(* Let $n\in\mathbb{N}$ and $p^*\in[1,\infty]$. If $\mathcal{P}=\{x_1,\dots,x_n\}$ is a collection of $n$ points in $[0,1]$ (repetitions allowed) whose $L_{p^*}$-discrepancy is minimal among all collections of $n$ points in $[0,1]$, then for each $j=1,\dots,n$ the interval $[\frac{j-1}{n},\frac jn)$ contains exactly one point of $\mathcal{P}$.
   Context: For $\mathcal{P}=\{x_1,\dots,x_n\}\subseteq[0,1]$, the local discrepancy is $\Delta_{\mathcal{P}}(t)=\frac1n\#\{j:x_j\in[0,t)\}-t$ for $t\in[0,1]$, and $L_{p^*}(\mathcal{P})=\|\Delta_{\mathcal{P}}\|_{L_{p^*}([0,1])}$. *)

theory Defs
  imports "HOL-Probability.Probability"
begin

definition local_disc :: "nat \<Rightarrow> (nat \<Rightarrow> real) \<Rightarrow> real \<Rightarrow> real" where
  "local_disc n x t = real (card {j\<in>{..<n}. x j \<in> {0..<t}}) / real n - t"

definition Lp_disc :: "ereal \<Rightarrow> nat \<Rightarrow> (nat \<Rightarrow> real) \<Rightarrow> real" where
  "Lp_disc p n x =
     (if p = \<infinity> then real_of_ereal (esssup (lebesgue_on {0..1}) (\<lambda>t. ereal \<bar>local_disc n x t\<bar>))
      else (LINT t:{0..1}|lborel. \<bar>local_disc n x t\<bar> powr (real_of_ereal p)) powr (1 / real_of_ereal p))"

end

theory Submission
  imports Defs
begin

text \<open>Let \<open>k(t)\<close> be the number of points in \<open>[0,t)\<close>, so that \<open>\<Delta>(t) = (k(t) - n t)/n\<close>.
  The centred grid \<open>(2i+1)/(2n)\<close> makes \<open>k(t)\<close> a nearest integer to \<open>n t\<close>, hence its
  discrepancy is pointwise minimal and at most \<open>1/(2n)\<close>. If an optimal set had
  \<open>k(j/n) \<noteq> j\<close>, then, since \<open>k\<close> is constant just left of \<open>j/n\<close>, its discrepancy would be
  at least \<open>3/(4n)\<close> on an interval, and the grid would have strictly smaller
  \<open>L\<^sub>p\<close>-discrepancy. So \<open>k(j/n) = j\<close> for all \<open>j\<close>, and each cell \<open>[(j-1)/n, j/n)\<close>
  contains \<open>k(j/n) - k((j-1)/n) = 1\<close> point.\<close>

lemma set_integral_strict_mono_on_interval:
  fixes f g :: "real \<Rightarrow> real"
  assumes f: "set_integrable lborel S f" and g: "set_integrable lborel S g"
    and le: "\<forall>t\<in>S. f t \<le> g t"
    and I: "{l<..<u} \<subseteq> S" "l < u" and d: "d > 0"
    and gap: "\<forall>t\<in>{l<..<u}. f t + d \<le> g t"
  shows "(LINT t:S|lborel. f t) < (LINT t:S|lborel. g t)"
proof -
  let ?I = "{l<..<u}"
  have restrict_I: "(\<lambda>t. indicator S t *\<^sub>R indicator ?I t) = (indicator ?I :: real \<Rightarrow> real)"
    using I by (auto simp: indicator_def fun_eq_iff)
  have I_integrable: "set_integrable lborel S (indicator ?I :: real \<Rightarrow> real)"
    unfolding set_integrable_def restrict_I using I by (intro integrable_real_indicator) auto
  have I_integral: "(LINT t:S|lborel. (indicator ?I t :: real)) = u - l"
    unfolding set_lebesgue_integral_def restrict_I using I by simp
  have sum_integrable: "set_integrable lborel S (\<lambda>t. f t + d * indicator ?I t)"
    using f I_integrable by (intro set_integral_add) auto
  have "(LINT t:S|lborel. f t) + d * (u - l) = (LINT t:S|lborel. f t + d * indicator ?I t)"
    using f I_integrable by (simp add: I_integral)
  also have "\<dots> \<le> (LINT t:S|lborel. g t)"
    using sum_integrable g le gap by (intro set_integral_mono) (auto simp: indicator_def)
  finally show ?thesis using mult_pos_pos[OF d, of "u - l"] I by linarith
qed

lemma esssup_lebesgue_on_ge_on_interval:
  fixes l u :: real
  assumes S: "S \<in> sets lebesgue" and I: "{l<..<u} \<subseteq> S" "l < u"
    and ge: "\<forall>t\<in>{l<..<u}. c \<le> f t"
  shows "c \<le> esssup (lebesgue_on S) f"
proof (rule ccontr)
  let ?M = "lebesgue_on S"
  assume "\<not> c \<le> esssup ?M f"
  moreover have "AE t in ?M. f t \<le> esssup ?M f"
    by (rule esssup_AE)
  ultimately have "AE t in ?M. f t < c"
    by (auto elim: AE_mp)
  then have "AE t in ?M. t \<notin> {l<..<u}"
    by eventually_elim (use ge in force)
  moreover have "{l<..<u} \<in> sets ?M"
    using I S by (auto simp: sets_restrict_space_iff intro: sets_completionI_sets)
  ultimately have "emeasure ?M {l<..<u} = 0"
    using AE_iff_null_sets by blast
  moreover have "emeasure ?M {l<..<u} = ennreal (u - l)"
    using I S by (subst emeasure_restrict_space) (auto simp: Int_absorb2)
  ultimately show False using I by simp
qed

lemma esssup_lebesgue_on_le:
  assumes "f \<in> borel_measurable (lebesgue_on S)" and "\<forall>t\<in>S. f t \<le> c"
  shows "esssup (lebesgue_on S) f \<le> c"
  using assms by (intro esssup_I) (auto intro: AE_I2 simp: space_restrict_space)

definition count_below :: "nat \<Rightarrow> (nat \<Rightarrow> real) \<Rightarrow> real \<Rightarrow> nat" where
  "count_below n x t = card {i\<in>{..<n}. x i \<in> {0..<t}}"

lemma local_disc_eq_count_below:
  assumes "n > 0"
  shows "local_disc n x t = (real (count_below n x t) - real n * t) / real n"
  using assms unfolding local_disc_def count_below_def by (simp add: diff_divide_distrib)

lemma count_below_le: "count_below n x t \<le> n"
  unfolding count_below_def by (rule card_mono[of "{..<n}", simplified]) auto

lemma card_points_in_interval:
  assumes "0 \<le> a" "a \<le> b"
  shows "card {i\<in>{..<n}. x i \<in> {a..<b}} = count_below n x b - count_below n x a"
proof -
  have "{i\<in>{..<n}. x i \<in> {a..<b}} = {i\<in>{..<n}. x i \<in> {0..<b}} - {i\<in>{..<n}. x i \<in> {0..<a}}"
    using assms by auto
  moreover have "{i\<in>{..<n}. x i \<in> {0..<a}} \<subseteq> {i\<in>{..<n}. x i \<in> {0..<b}}"
    using assms by auto
  ultimately show ?thesis
    unfolding count_below_def by (simp add: card_Diff_subset)
qed

lemma count_below_constant_left:
  assumes "a < u"
  shows "\<exists>l. a \<le> l \<and> l < u \<and> (\<forall>t\<in>{l<..u}. count_below n x t = count_below n x u)"
proof -
  define l where "l = Max (insert a {x i | i. i < n \<and> x i < u})"
  have fin: "finite {x i | i. i < n \<and> x i < u}" by simp
  have "a \<le> l" unfolding l_def using fin by simp
  moreover have "l < u" unfolding l_def using fin assms by auto
  moreover have "count_below n x t = count_below n x u" if t: "t \<in> {l<..u}" for t
  proof -
    have "x i < t \<longleftrightarrow> x i < u" if "i < n" for i
    proof
      assume "x i < u"
      then have "x i \<le> l" unfolding l_def using fin \<open>i < n\<close> by (intro Max_ge) auto
      then show "x i < t" using t by simp
    qed (use t in simp)
    then have "{i\<in>{..<n}. x i \<in> {0..<t}} = {i\<in>{..<n}. x i \<in> {0..<u}}" by auto
    then show ?thesis unfolding count_below_def by simp
  qed
  ultimately show ?thesis by blast
qed

lemma abs_local_disc_le_1:
  assumes "t \<in> {0..1}"
  shows "\<bar>local_disc n x t\<bar> \<le> 1"
proof -
  have "0 \<le> real (count_below n x t) / real n" "real (count_below n x t) / real n \<le> 1"
    using count_below_le[of n x t] by (auto simp: divide_le_eq_1)
  with assms show ?thesis
    unfolding local_disc_def count_below_def[symmetric] atLeastAtMost_iff by arith
qed

lemma borel_measurable_local_disc: "local_disc n x \<in> borel_measurable borel"
proof -
  have "local_disc n x = (\<lambda>t. (\<Sum>i<n. if 0 \<le> x i \<and> x i < t then 1 else 0) / real n - t)"
    unfolding local_disc_def real_of_card by (subst sum.inter_filter[symmetric]) auto
  also have "\<dots> \<in> borel_measurable borel" by measurable
  finally show ?thesis .
qed

lemma set_integrable_abs_local_disc_powr:
  assumes "r \<ge> 0"
  shows "set_integrable lborel {0..1} (\<lambda>t. \<bar>local_disc n x t\<bar> powr r)"
  unfolding set_integrable_def
proof (rule integrableI_bounded_set_indicator[where B = 1])
  show "(\<lambda>t. \<bar>local_disc n x t\<bar> powr r) \<in> borel_measurable lborel"
    using borel_measurable_local_disc[of n x] by measurable
  show "AE t in lborel. t \<in> {0..1} \<longrightarrow> norm (\<bar>local_disc n x t\<bar> powr r) \<le> 1"
    using abs_local_disc_le_1 assms by (auto intro!: AE_I2 powr_le1)
qed auto

lemma borel_measurable_lebesgue_on_abs_local_disc:
  "(\<lambda>t. ereal \<bar>local_disc n x t\<bar>) \<in> borel_measurable (lebesgue_on S)"
proof -
  have "(\<lambda>t. ereal \<bar>local_disc n x t\<bar>) \<in> borel_measurable lborel"
    using borel_measurable_local_disc[of n x] by measurable
  then show ?thesis
    by (intro measurable_restrict_space1 measurable_completion)
qed

definition centered_grid :: "nat \<Rightarrow> nat \<Rightarrow> real" where
  "centered_grid n i = (2 * real i + 1) / (2 * real n)"

lemma centered_grid_in_unit_interval:
  assumes "i < n"
  shows "centered_grid n i \<in> {0..1}"
  using assms unfolding centered_grid_def by (auto simp: field_simps)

## EXERCISE DIRECTIONS
Go through the entries above and copy out every line that includes the word "blast".

## RESULT OF THIS TASK
    using AE_iff_null_sets by blast
  ultimately show ?thesis by blast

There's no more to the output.